Search code examples
algorithmlarge-data

Divide Huge Array of Numbers in Buckets


Given a Huge Array of Numbers( Say 1 trillion ). How can you divide them in say N Buckets each having some range. Cases : 1. Assuming Distribution is Non-Uniform 2. Assuming Distribution is Uniform.


Solution

  • If non uniform, and you want equal # of buckets, simply make your own hashtable w/ your own lambda value.

    If you have 1000 numbers from 1-1000, and you want 10 buckets, simply give a hashcode of 1-100 to be 0, and 101-200 to be 1. This is really easy to do - you can just do (maxNum (in first instance it's 100) -1)/100 (which is 1000/numOfBuckets) to find the index of the array inside of your hash table.

    If you want to have even distribution - that's a little harder. You're going to have to first take in with the previous uneven distribution, and then rehash so each bucket has the same # of numbers.

    To rehash, simply take the # of numbers (iterate through each bucket, finding size, and add) and then divide by # of buckets.

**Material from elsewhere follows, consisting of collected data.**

lemma node_poly_Suc: "node_poly lam (Suc m) w = node_poly lam m w * (w - lam m)"
  by (simp add: node_poly_def)

lemma continuous_on_node_poly [continuous_intros]:
  "continuous_on S f \<Longrightarrow> continuous_on S (\<lambda>x. node_poly lam m (f x))"
  unfolding node_poly_def by (intro continuous_intros)

lemma node_poly_nonzero:
  assumes "\<forall>j<m. cmod (lam j) < cmod w"
  shows "node_poly lam m w \<noteq> 0"
  using assms unfolding node_poly_def by (auto simp: prod_zero_iff)

lemma node_poly_circle_nonzero:
  assumes "\<forall>j<m. cmod (lam j) < R"
  shows "node_poly lam m (of_real R * turn t) \<noteq> 0"
proof (cases "m = 0")
  case True
  then show ?thesis by (simp add: node_poly_def)
next
  case False
  then have "cmod (lam 0) < R" using assms by simp
  then have "0 < R" using norm_ge_zero[of "lam 0"] by linarith
  then show ?thesis using assms by (intro node_poly_nonzero) (simp add: norm_mult)
qed

text \<open>Phi lam m R z is the contour integral of e^{zw} / node_poly(w) over |w| = R, divided by 2 pi i,
  written in the parametrisation w = R turn t (whose velocity is 2 pi i w).\<close>
definition circle_integrand :: "(nat \<Rightarrow> complex) \<Rightarrow> nat \<Rightarrow> real \<Rightarrow> complex \<Rightarrow> real \<Rightarrow> complex" where
  "circle_integrand lam m R z t =
     exp (z * (of_real R * turn t)) / node_poly lam m (of_real R * turn t) * (of_real R * turn t)"

definition Phi :: "(nat \<Rightarrow> complex) \<Rightarrow> nat \<Rightarrow> real \<Rightarrow> complex \<Rightarrow> complex" where
  "Phi lam m R z = integral {0..1} (circle_integrand lam m R z)"

lemma continuous_on_circle_integrand:
  assumes "\<forall>j<m. cmod (lam j) < R"
  shows "continuous_on S (\<lambda>t. circle_integrand lam m R z t)"
  unfolding circle_integrand_def using node_poly_circle_nonzero[OF assms]
  by (intro continuous_intros) (auto simp: mult.commute)

lemma circle_integrand_integrable:
  assumes "\<forall>j<m. cmod (lam j) < R"
  shows "circle_integrand lam m R z integrable_on {0..1}"
  using continuous_on_circle_integrand[OF assms] by (rule integrable_continuous_interval)

lemma Phi_has_field_derivative:
  assumes nodes: "\<forall>j<m. cmod (lam j) < R"
  shows "(Phi lam m R has_field_derivative
           integral {0..1} (\<lambda>t. of_real R * turn t * circle_integrand lam m R z t)) (at z)"
proof -
  have "((\<lambda>z. integral (cbox 0 1) (circle_integrand lam m R z)) has_field_derivative
           integral (cbox 0 1) (\<lambda>t. of_real R * turn t * circle_integrand lam m R z t)) (at z within UNIV)"
  proof (rule leibniz_rule_field_derivative)
    fix x :: complex and t :: real
    show "((\<lambda>x. circle_integrand lam m R x t) has_field_derivative
            of_real R * turn t * circle_integrand lam m R x t) (at x within UNIV)"
    proof -
      define w where "w = of_real R * turn t"
      have "node_poly lam m w \<noteq> 0" using node_poly_circle_nonzero[OF nodes] by (simp add: w_def)
      then have "((\<lambda>x. exp (x * w) * (w / node_poly lam m w)) has_field_derivative
              w * (exp (x * w) * (w / node_poly lam m w))) (at x)"
        by (auto intro!: derivative_eq_intros simp: mult_ac)
      then show ?thesis by (simp add: circle_integrand_def w_def[symmetric])
    qed
  next
    fix x
    show "circle_integrand lam m R x integrable_on cbox 0 1"
      using circle_integrand_integrable[OF nodes] by simp
  next
    have "continuous_on (UNIV \<times> cbox 0 1)
            (\<lambda>p. of_real R * turn (snd p) * circle_integrand lam m R (fst p) (snd p))"
      unfolding circle_integrand_def using node_poly_circle_nonzero[OF nodes]
      by (intro continuous_intros) (auto simp: mult.commute)
    then show "continuous_on (UNIV \<times> cbox 0 1)
                 (\<lambda>(x, t). of_real R * turn t * circle_integrand lam m R x t)"
      by (simp add: case_prod_beta')
  qed auto
  then show ?thesis by (simp add: Phi_def[abs_def])
qed

text \<open>Multiplying by w - \<lambda>_k cancels the last factor of the node polynomial.\<close>
lemma circle_integrand_Suc:
  assumes nodes: "\<forall>j<Suc k. cmod (lam j) < R"
  shows "of_real R * turn t * circle_integrand lam (Suc k) R z t
           = lam k * circle_integrand lam (Suc k) R z t + circle_integrand lam k R z t"
proof -
  define w where "w = of_real R * turn t"
  have "node_poly lam k w * (w - lam k) \<noteq> 0"
    using node_poly_circle_nonzero[OF nodes] by (simp add: w_def node_poly_Suc)
  then show ?thesis
    unfolding circle_integrand_def w_def[symmetric] node_poly_Suc by (simp add: field_simps)
qed

lemma Phi_ode:
  assumes nodes: "\<forall>j<Suc k. cmod (lam j) < R"
  shows "(Phi lam (Suc k) R has_field_derivative lam k * Phi lam (Suc k) R z + Phi lam k R z) (at z)"
proof -
  have nodes': "\<forall>j<k. cmod (lam j) < R" using nodes by simp
  have "integral {0..1} (\<lambda>t. of_real R * turn t * circle_integrand lam (Suc k) R z t)
      = integral {0..1} (\<lambda>t. lam k * circle_integrand lam (Suc k) R z t + circle_integrand lam k R z t)"
    by (simp add: circle_integrand_Suc[OF nodes])
  also have "\<dots> = lam k * Phi lam (Suc k) R z + Phi lam k R z"
    unfolding Phi_def
    by (simp add: integral_add integrable_on_mult_right circle_integrand_integrable nodes nodes')
  finally have "integral {0..1} (\<lambda>t. of_real R * turn t * circle_integrand lam (Suc k) R z t)
      = lam k * Phi lam (Suc k) R z + Phi lam k R z" .
  with Phi_has_field_derivative[OF nodes, of z] show ?thesis by simp
qed

text \<open>Without nodes the integrand e^{zw} is entire, so the integral vanishes.\<close>
lemma Phi_no_nodes: "Phi lam 0 R z = 0"
proof -
  obtain g where g: "\<And>w. (g has_field_derivative exp (z * w)) (at w)"
  proof (cases "z = 0")
    case True
    show ?thesis by (rule that[of "\<lambda>w. w"]) (auto intro!: derivative_eq_intros simp: True)
  next
    case False
    show ?thesis by (rule that[of "\<lambda>w. exp (z * w) / z"]) (auto intro!: derivative_eq_intros simp: False)
  qed
  have "R \<noteq> 0 \<Longrightarrow> integral {0..1} (\<lambda>t. exp (z * (of_real R * turn t)) * turn t) = 0"
    by (intro integral_derivative_along_circle[OF g]) auto
  moreover have "circle_integrand lam 0 R z = (\<lambda>t. of_real R * (exp (z * (of_real R * turn t)) * turn t))"
    by (simp add: fun_eq_iff circle_integrand_def node_poly_def)
  ultimately show ?thesis by (cases "R = 0") (simp_all add: Phi_def)
qed
(* Let $N\subset\mathbb{R}^3$ be an open set with coordinates $(t,x,y)$ and metric $g_f^{\varepsilon}=\varepsilon\,dx^2+f(x,y)\,dy^2+2\,dt\,dy$ ($\varepsilon=\pm1$, $f$ smooth), with orthonormal frame $$e_1=\partial_x,\quad e_2=\tfrac{2-f}{2\sqrt2}\partial_t+\tfrac1{\sqrt2}\partial_y,\quad e_3=\tfrac{2+f}{2\sqrt2}\partial_t-\tfrac1{\sqrt2}\partial_y.$$ Let $\Sigma\subset N$ be a non-degenerate totally umbilical surface with unit normal $\mathcal{V}=v_1e_1+v_2e_2+v_3e_3$, where $v_i\in C^\infty(\Sigma)$ and $\varepsilon v_1^2+v_2^2-v_3^2=\delta=\pm1$, and assume $v_1\neq0$ on $\Sigma$. Then $$v_3(v_2-v_3)^2f_{xxx}=0$$ on $\Sigma$. Hence at each point of $\Sigma$ there is a small neighbourhood in which one or more of $f_{xxx}=0$, $v_3=0$, $v_2=v_3$ must occur.
   Context: $\langle e_1,e_1\rangle=\varepsilon$, $\langle e_2,e_2\rangle=1$, $\langle e_3,e_3\rangle=-1$. A surface is non-degenerate if its induced metric is Riemannian or Lorentzian. With $\overline{\nabla}$ the Levi-Civita connection of $g_f^\varepsilon$, $\Sigma$ is totally umbilical if there is $\lambda\in C^\infty(\Sigma)$ with $-\overline{\nabla}_T\mathcal{V}=\lambda T$ for all $T$ tangent to $\Sigma$. Here $f_{xxx}$ is evaluated at the points of $\Sigma$. *)

theory Defs
  imports "HOL-Analysis.Analysis"
begin

fun Ck_on :: "nat \<Rightarrow> 'a::euclidean_space set \<Rightarrow> ('a \<Rightarrow> 'b::real_normed_vector) \<Rightarrow> bool" where
  "Ck_on 0 S h = continuous_on S h"
| "Ck_on (Suc k) S h =
     (h differentiable_on S \<and> (\<forall>b\<in>Basis. Ck_on k S (\<lambda>x. frechet_derivative h (at x) b)))"

definition smooth_fun_on :: "'a::euclidean_space set \<Rightarrow> ('a \<Rightarrow> 'b::real_normed_vector) \<Rightarrow> bool" where
  "smooth_fun_on S h = (\<forall>k. Ck_on k S h)"

definition pd :: "'n::finite \<Rightarrow> (real^'n \<Rightarrow> 'b::real_normed_vector) \<Rightarrow> real^'n \<Rightarrow> 'b" where
  "pd i h p = frechet_derivative h (at p) (axis i 1)"

section \<open>The metric g_f^eps on R^3 with coordinates (t,x,y) = (p$1, p$2, p$3)\<close>

definition xy :: "real^3 \<Rightarrow> real^2" where
  "xy p = vector [p$2, p$3]"

definition metric_g :: "real \<Rightarrow> (real^2 \<Rightarrow> real) \<Rightarrow> real^3 \<Rightarrow> real^3^3" where
  "metric_g eps f p = (\<chi> i j. if (i = 1 \<and> j = 3) \<or> (i = 3 \<and> j = 1) then 1
                         else if i = 2 \<and> j = 2 then eps
                         else if i = 3 \<and> j = 3 then f (xy p) else 0)"

definition gprod :: "real \<Rightarrow> (real^2 \<Rightarrow> real) \<Rightarrow> real^3 \<Rightarrow> real^3 \<Rightarrow> real^3 \<Rightarrow> real" where
  "gprod eps f p w z = w \<bullet> (metric_g eps f p *v z)"

definition christoffel :: "real \<Rightarrow> (real^2 \<Rightarrow> real) \<Rightarrow> 3 \<Rightarrow> 3 \<Rightarrow> 3 \<Rightarrow> real^3 \<Rightarrow> real" where
  "christoffel eps f k i j p =
     (1/2) * (\<Sum>l\<in>UNIV. matrix_inv (metric_g eps f p) $ k $ l *
        (pd i (\<lambda>q. metric_g eps f q $ j $ l) p + pd j (\<lambda>q. metric_g eps f q $ i $ l) p
         - pd l (\<lambda>q. metric_g eps f q $ i $ j) p))"

definition covD :: "real \<Rightarrow> (real^2 \<Rightarrow> real) \<Rightarrow> (real^2 \<Rightarrow> real^3) \<Rightarrow> (real^2 \<Rightarrow> real^3)
                     \<Rightarrow> real^2 \<Rightarrow> real^2 \<Rightarrow> real^3" where
  "covD eps f phi V u w =
     frechet_derivative V (at u) w +
     (\<chi> k. \<Sum>i\<in>UNIV. \<Sum>j\<in>UNIV. christoffel eps f k i j (phi u)
                    * (frechet_derivative phi (at u) w) $ i * (V u) $ j)"

definition e1 :: "real^3" where "e1 = axis 2 1"

definition e2 :: "(real^2 \<Rightarrow> real) \<Rightarrow> real^3 \<Rightarrow> real^3" where
  "e2 f p = vector [(2 - f (xy p)) / (2 * sqrt 2), 0, 1 / sqrt 2]"

definition e3 :: "(real^2 \<Rightarrow> real) \<Rightarrow> real^3 \<Rightarrow> real^3" where
  "e3 f p = vector [(2 + f (xy p)) / (2 * sqrt 2), 0, - 1 / sqrt 2]"

definition normal_field :: "(real^2 \<Rightarrow> real) \<Rightarrow> (real^2 \<Rightarrow> real^3)
     \<Rightarrow> (real^2 \<Rightarrow> real) \<Rightarrow> (real^2 \<Rightarrow> real) \<Rightarrow> (real^2 \<Rightarrow> real) \<Rightarrow> real^2 \<Rightarrow> real^3" where
  "normal_field f phi v1 v2 v3 u =
     v1 u *\<^sub>R e1 + v2 u *\<^sub>R e2 f (phi u) + v3 u *\<^sub>R e3 f (phi u)"

definition induced :: "real \<Rightarrow> (real^2 \<Rightarrow> real) \<Rightarrow> (real^2 \<Rightarrow> real^3) \<Rightarrow> real^2 \<Rightarrow> real^2 \<Rightarrow> real^2 \<Rightarrow> real" where
  "induced eps f phi u w z =
     gprod eps f (phi u) (frechet_derivative phi (at u) w) (frechet_derivative phi (at u) z)"

definition riemannian_at where
  "riemannian_at eps f phi u = (\<forall>w. w \<noteq> 0 \<longrightarrow> induced eps f phi u w w > 0)"

text \<open>Lorentzian in dimension 2: non-degenerate of signature (1,1).\<close>
definition lorentzian_at where
  "lorentzian_at eps f phi u =
     ((\<exists>w. induced eps f phi u w w > 0) \<and> (\<exists>w. induced eps f phi u w w < 0) \<and>
      (\<forall>w. (\<forall>z. induced eps f phi u w z = 0) \<longrightarrow> w = 0))"

end

theory Submission
  imports Defs
begin

text \<open>
  Write \<open>X = x \<circ> \<phi>\<close>, \<open>Y = y \<circ> \<phi>\<close> and \<open>C = v\<^sub>2 - v\<^sub>3\<close>. The only Christoffel symbol with
  upper index \<open>x\<close> or \<open>y\<close> that does not vanish is \<open>\<Gamma>\<^sup>x\<^sub>y\<^sub>y = -\<epsilon> f\<^sub>x / 2\<close>, so the
  \<open>y\<close>- and \<open>x\<close>-components of the umbilicity equation \<open>-\<nabla>\<^sub>T\<V> = \<lambda> T\<close> are the structure equations
  \<open>dC = -\<surd>2 \<lambda> dY\<close> and \<open>dv\<^sub>1 = k f\<^sub>x C dY - \<lambda> dX\<close> with \<open>k = \<epsilon> / (2\<surd>2)\<close>.
  Where \<open>C \<noteq> 0\<close>, the orthogonality of \<open>\<V>\<close> to the immersed surface forces \<open>dX \<and> dY \<noteq> 0\<close>.
  Applying \<open>d\<^sup>2 = 0\<close> to both structure equations gives \<open>d\<lambda> \<and> dY = 0\<close> and
  \<open>dX \<and> d\<lambda> = -k C f\<^sub>x\<^sub>x dX \<and> dY\<close>, hence \<open>d\<lambda> = -k C f\<^sub>x\<^sub>x dY\<close>; applying \<open>d\<^sup>2 = 0\<close> once more
  (using \<open>dC \<and> dY = 0\<close>) leaves \<open>k C f\<^sub>x\<^sub>x\<^sub>x dX \<and> dY = 0\<close>.
\<close>

section \<open>Smooth functions\<close>

lemma smooth_fun_on_imp_Ck_on: "smooth_fun_on S h \<Longrightarrow> Ck_on k S h"
  by (simp add: smooth_fun_on_def)

lemma Ck_on_imp_continuous_on: "Ck_on k S h \<Longrightarrow> continuous_on S h"
  by (cases k) (simp_all add: differentiable_imp_continuous_on)

lemma Ck_on_Suc_imp_differentiable:
  "Ck_on (Suc k) S h \<Longrightarrow> open S \<Longrightarrow> x \<in> S \<Longrightarrow> h differentiable (at x)"
  by (simp add: differentiable_on_eq_differentiable_at)

lemma smooth_fun_on_imp_differentiable:
  "smooth_fun_on S h \<Longrightarrow> open S \<Longrightarrow> x \<in> S \<Longrightarrow> h differentiable (at x)"
  using Ck_on_Suc_imp_differentiable smooth_fun_on_imp_Ck_on by blast

lemma frechet_derivative_eqI:
  assumes "(g has_derivative g') (at x)" "open S" "x \<in> S" "\<And>y. y \<in> S \<Longrightarrow> h y = g y"
  shows "frechet_derivative h (at x) = g'"
  using frechet_derivative_at has_derivative_transform_within_open[OF assms(1-3)] assms(4) by metis

lemma Ck_on_cong:
  "open S \<Longrightarrow> (\<And>x. x \<in> S \<Longrightarrow> g x = h x) \<Longrightarrow> Ck_on k S g \<Longrightarrow> Ck_on k S h"
proof (induction k arbitrary: g h)
  case 0
  then show ?case using continuous_on_eq by fastforce
next
  case (Suc k)
  have g': "(g has_derivative frechet_derivative g (at x)) (at x)" if "x \<in> S" for x
    using Suc.prems that by (simp add: differentiable_on_eq_differentiable_at frechet_derivative_works)
  have eq: "frechet_derivative h (at x) = frechet_derivative g (at x)" if "x \<in> S" for x
    using frechet_derivative_eqI[OF g' Suc.prems(1)] Suc.prems(2) that by metis
  have "h differentiable_on S"
    using has_derivative_transform_within_open[OF g' Suc.prems(1)] Suc.prems(2)
    by (metis differentiable_at_imp_differentiable_on differentiable_def)
  moreover have "Ck_on k S (\<lambda>x. frechet_derivative h (at x) b)" if "b \<in> Basis" for b
    using Suc.IH[OF Suc.prems(1), of "\<lambda>x. frechet_derivative g (at x) b"] Suc.prems(3) that eq by simp
  ultimately show ?case by simp
qed

lemma Ck_on_subset: "open T \<Longrightarrow> T \<subseteq> S \<Longrightarrow> Ck_on k S h \<Longrightarrow> Ck_on k T h"
  by (induction k arbitrary: h) (auto intro: continuous_on_subset differentiable_on_subset)

lemma frechet_derivative_component:
  fixes h :: "'a::real_normed_vector \<Rightarrow> real^'n"
  assumes "h differentiable (at x)"
  shows "frechet_derivative (\<lambda>y. h y $ i) (at x) v = frechet_derivative h (at x) v $ i"
    and "(\<lambda>y. h y $ i) differentiable (at x)"
proof -
  have "((\<lambda>y. h y $ i) has_derivative (\<lambda>v. frechet_derivative h (at x) v $ i)) (at x)"
    using bounded_linear.has_derivative[OF bounded_linear_vec_nth]
      assms frechet_derivative_works by blast
  then show "frechet_derivative (\<lambda>y. h y $ i) (at x) v = frechet_derivative h (at x) v $ i"
    "(\<lambda>y. h y $ i) differentiable (at x)"
    by (metis frechet_derivative_at, blast intro: differentiableI)
qed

Now you have the new lambda value. If you don't care about the range being not uniform(as in 1-10, 11-20, instead of 1-15, 15-20, etc), then iterate through your old hashtable and add into a new hashtable w/ the new lambda value, filling sequentially - that's the closest you'll get(sometimes you'll get -1 from lambda value).

    If you don't care much about the original uneven distribution but equal range, simply just take the number of numbers you have, sort using some easy sort like quicksort, and then put (lambda value)# of numbers in each bucket.

    Not sure if that's what you mean, but hope this helps.